Solid-state electro-aerodynamic propulsion systems are devices that utilize atmospheric pressure corona discharge and have been actively researched in recent years as a means of achieving silent drones. However, these systems contain multiple, widely disparate time and spatial scales. Therefore, the governing equations of the systems, a three-component plasma fluid model that considers the presence of electrons, positive ions, and negative ions, constitute a stiff non-linear system of partial differential equations, challenging to solve. Here, we have developed an ANEMONE simulator capable of numerically estimating the corona inception voltage and energy conversion efficiency in three-dimensional solid-state electro-aerodynamic propulsion systems. Specifically, on the basis of the governing equations, we adopted the method of characteristics and the perturbation method to obtain the sub-problems. Furthermore, we have successfully obtained the integral equations, making the sub-problems easier to solve. Finally, we validated the prediction results based on the theoretical results in a previous study. Remarkably, ANEMONE is the first simulator in the world which predicted the two representative performance (i.e., the corona inception voltage and energy conversion efficiency) of fully three-dimensional propulsion systems.

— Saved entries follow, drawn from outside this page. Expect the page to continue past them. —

(* Let $\bar t>0$, $I=(0,\bar t)$, let $\gamma_1,\gamma_2\in\mathrm{Lip}(I)$ (extended continuously to $\bar I$) with $\gamma_1<0<\gamma_2$ on $I$, $\gamma_1(0)=\gamma_1(\bar t)=\gamma_2(0)=\gamma_2(\bar t)=0$, $\gamma_1$ convex and $\gamma_2$ concave, and let $D=\{(y,t)\in\mathbb W: t\in I,\ \gamma_1(t)<y<\gamma_2(t)\}$. Let $\phi\in C(\partial D)$ with $\phi_1,\phi_2\in\mathrm{Lip}(I)$, and assume $\zeta<(\sqrt{721}-25)/48$. Let $u\in\mathrm{Lip}(D)$ be a function with $u=\phi$ on $\partial D$ and $S_u=R_\phi$. Then there exist an open set $D^r\subset\mathbb W$ and $u^r\in\mathrm{Lip}_{loc}(D^r)$ such that $S_u=S^r_{u^r}$.
   Context: $\mathbb H$ is $\mathbb R^3$ with product $(x,y,t)\cdot(\xi,\eta,\tau)=(x+\xi,y+\eta,t+\tau+2(y\xi-x\eta))$; $X=\partial_x+2y\partial_t$, $Y=\partial_y-2x\partial_t$, $H_p=\mathrm{span}\{X(p),Y(p)\}$. $\mathbb W=\{x=0\}$ with coordinates $(y,t)$. Left intrinsic graph of $u:D\to\mathbb R$: $S_u=\{(u(y,t),y,t+2yu(y,t)):(y,t)\in D\}$. Right intrinsic graph of $v:D^r\to\mathbb R$: $S^r_v=\{(v(y,t),y,t-2yv(y,t)):(y,t)\in D^r\}$. Set $\phi_i(s)=\phi(\gamma_i(s),s)$, $\|\gamma\|_\infty=\max_i\|\gamma_i\|_\infty$, $\mathrm{Lip}(\gamma)=\max_i\mathrm{Lip}(\gamma_i)$, $\|\phi\|_\infty=\max_i\|\phi_i\|_\infty$, $\mathrm{Lip}(\phi)=\max_i\mathrm{Lip}(\phi_i)$, $\zeta=4(\|\gamma\|_\infty+\mathrm{Lip}(\gamma))(\|\phi\|_\infty+\mathrm{Lip}(\phi))$. Let $p_i(s)=(\phi_i(s),\gamma_i(s),s+2\gamma_i(s)\phi_i(s))$, $s\in\bar I$. When $\zeta<1$, for each $s\in\bar I$ there is a unique $\lambda(s)\in\bar I$ with $p_2(\lambda(s))-p_1(s)\in H_{p_1(s)}$ (equivalently $\lambda(s)-s+2(\gamma_2(\lambda(s))-\gamma_1(s))(\phi_2(\lambda(s))+\phi_1(s))=0$). Then $\rho(h,s)=(1-h)p_1(s)+h\,p_2(\lambda(s))$ for $(h,s)\in Q=(0,1)\times I$, and $R_\phi:=\rho(Q)$ is the horizontally ruled surface spanned by $\phi$. *)

theory Defs
  imports "HOL-Analysis.Analysis"
begin

text \<open>Heisenberg group H = R^3 with coordinates (x,y,t); the vertical plane W = {x=0}
  with coordinates (y,t) is represented by real \<times> real.\<close>

definition horX :: "real \<times> real \<times> real \<Rightarrow> real \<times> real \<times> real" where
  "horX p = (case p of (x,y,t) \<Rightarrow> (1, 0, 2 * y))"

definition horY :: "real \<times> real \<times> real \<Rightarrow> real \<times> real \<times> real" where
  "horY p = (case p of (x,y,t) \<Rightarrow> (0, 1, - 2 * x))"

definition horizontal_plane :: "real \<times> real \<times> real \<Rightarrow> (real \<times> real \<times> real) set" where
  "horizontal_plane p = span {horX p, horY p}"

definition left_graph :: "(real \<times> real \<Rightarrow> real) \<Rightarrow> (real \<times> real) set \<Rightarrow> (real \<times> real \<times> real) set" where
  "left_graph u D = (\<lambda>(y,t). (u (y,t), y, t + 2 * y * u (y,t))) ` D"

definition right_graph :: "(real \<times> real \<Rightarrow> real) \<Rightarrow> (real \<times> real) set \<Rightarrow> (real \<times> real \<times> real) set" where
  "right_graph v Dr = (\<lambda>(y,t). (v (y,t), y, t - 2 * y * v (y,t))) ` Dr"

definition sup_norm :: "(real \<Rightarrow> real) \<Rightarrow> real set \<Rightarrow> real" where
  "sup_norm f S = (SUP x\<in>S. \<bar>f x\<bar>)"

definition lip_const :: "(real \<Rightarrow> real) \<Rightarrow> real set \<Rightarrow> real" where
  "lip_const f S = (SUP pq\<in>{(x,y). x \<in> S \<and> y \<in> S \<and> x \<noteq> y}.
      \<bar>f (fst pq) - f (snd pq)\<bar> / \<bar>fst pq - snd pq\<bar>)"

definition locally_lipschitz_on :: "('a::metric_space \<Rightarrow> 'b::metric_space) \<Rightarrow> 'a set \<Rightarrow> bool" where
  "locally_lipschitz_on f S \<longleftrightarrow>
     (\<forall>p\<in>S. \<exists>e>0. \<exists>L. L-lipschitz_on (ball p e \<inter> S) f)"

definition bdry_fun :: "(real \<times> real \<Rightarrow> real) \<Rightarrow> (real \<Rightarrow> real) \<Rightarrow> real \<Rightarrow> real" where
  "bdry_fun \<phi> \<gamma> s = \<phi> (\<gamma> s, s)"

definition zeta :: "real set \<Rightarrow> (real \<Rightarrow> real) \<Rightarrow> (real \<Rightarrow> real) \<Rightarrow> (real \<times> real \<Rightarrow> real) \<Rightarrow> real" where
  "zeta I \<gamma>1 \<gamma>2 \<phi> =
     4 * (max (sup_norm \<gamma>1 I) (sup_norm \<gamma>2 I) + max (lip_const \<gamma>1 I) (lip_const \<gamma>2 I))
       * (max (sup_norm (bdry_fun \<phi> \<gamma>1) I) (sup_norm (bdry_fun \<phi> \<gamma>2) I)
          + max (lip_const (bdry_fun \<phi> \<gamma>1) I) (lip_const (bdry_fun \<phi> \<gamma>2) I))"

definition curve_pt :: "(real \<times> real \<Rightarrow> real) \<Rightarrow> (real \<Rightarrow> real) \<Rightarrow> real \<Rightarrow> real \<times> real \<times> real" where
  "curve_pt \<phi> \<gamma> s = (bdry_fun \<phi> \<gamma> s, \<gamma> s, s + 2 * \<gamma> s * bdry_fun \<phi> \<gamma> s)"

definition ruling_param :: "real \<Rightarrow> (real \<Rightarrow> real) \<Rightarrow> (real \<Rightarrow> real) \<Rightarrow> (real \<times> real \<Rightarrow> real) \<Rightarrow> real \<Rightarrow> real" where
  "ruling_param tbar \<gamma>1 \<gamma>2 \<phi> s =
     (THE l. l \<in> {0..tbar} \<and>
        curve_pt \<phi> \<gamma>2 l - curve_pt \<phi> \<gamma>1 s \<in> horizontal_plane (curve_pt \<phi> \<gamma>1 s))"

definition ruling_map :: "real \<Rightarrow> (real \<Rightarrow> real) \<Rightarrow> (real \<Rightarrow> real) \<Rightarrow> (real \<times> real \<Rightarrow> real) \<Rightarrow> real \<times> real \<Rightarrow> real \<times> real \<times> real" where
  "ruling_map tbar \<gamma>1 \<gamma>2 \<phi> hs =
     (case hs of (h, s) \<Rightarrow>
        (1 - h) *\<^sub>R curve_pt \<phi> \<gamma>1 s + h *\<^sub>R curve_pt \<phi> \<gamma>2 (ruling_param tbar \<gamma>1 \<gamma>2 \<phi> s))"

definition ruled_surface :: "real \<Rightarrow> (real \<Rightarrow> real) \<Rightarrow> (real \<Rightarrow> real) \<Rightarrow> (real \<times> real \<Rightarrow> real) \<Rightarrow> (real \<times> real \<times> real) set" where
  "ruled_surface tbar \<gamma>1 \<gamma>2 \<phi> = ruling_map tbar \<gamma>1 \<gamma>2 \<phi> ` ({0<..<1} \<times> {0<..<tbar})"

end

theory Submission
  imports Defs "HOL-Homology.Invariance_of_Domain"
begin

固态电气动推进系统（solid-state electro-aerodynamic propulsion systems）是一类利用大气压电晕放电（corona discharge）的装置，近年来作为实现静音无人机的技术路径受到了广泛研究。然而，此类系统存在跨度极大的多时空尺度特性。描述该系统的控制方程——即考虑电子、正离子与负离子存在的三组分等离子体流体模型——构成了一组刚性非线性偏微分方程组，求解难度极高。本研究开发了ANEMONE模拟器，可对三维固态电气动推进系统的电晕起始电压（corona inception voltage）与能量转换效率（energy conversion efficiency）进行数值预估。具体而言，研究团队基于控制方程，采用特征线法（method of characteristics）与摄动法（perturbation method）推导得到子问题，并进一步通过积分方程（integral equations）简化了子问题的求解流程。最终，研究团队通过对标既往研究的理论结果，验证了该模拟器的预测准确性。值得注意的是，ANEMONE是全球首款可对全三维推进系统的两项代表性性能指标（即电晕起始电压与能量转换效率）进行精准预测的模拟器。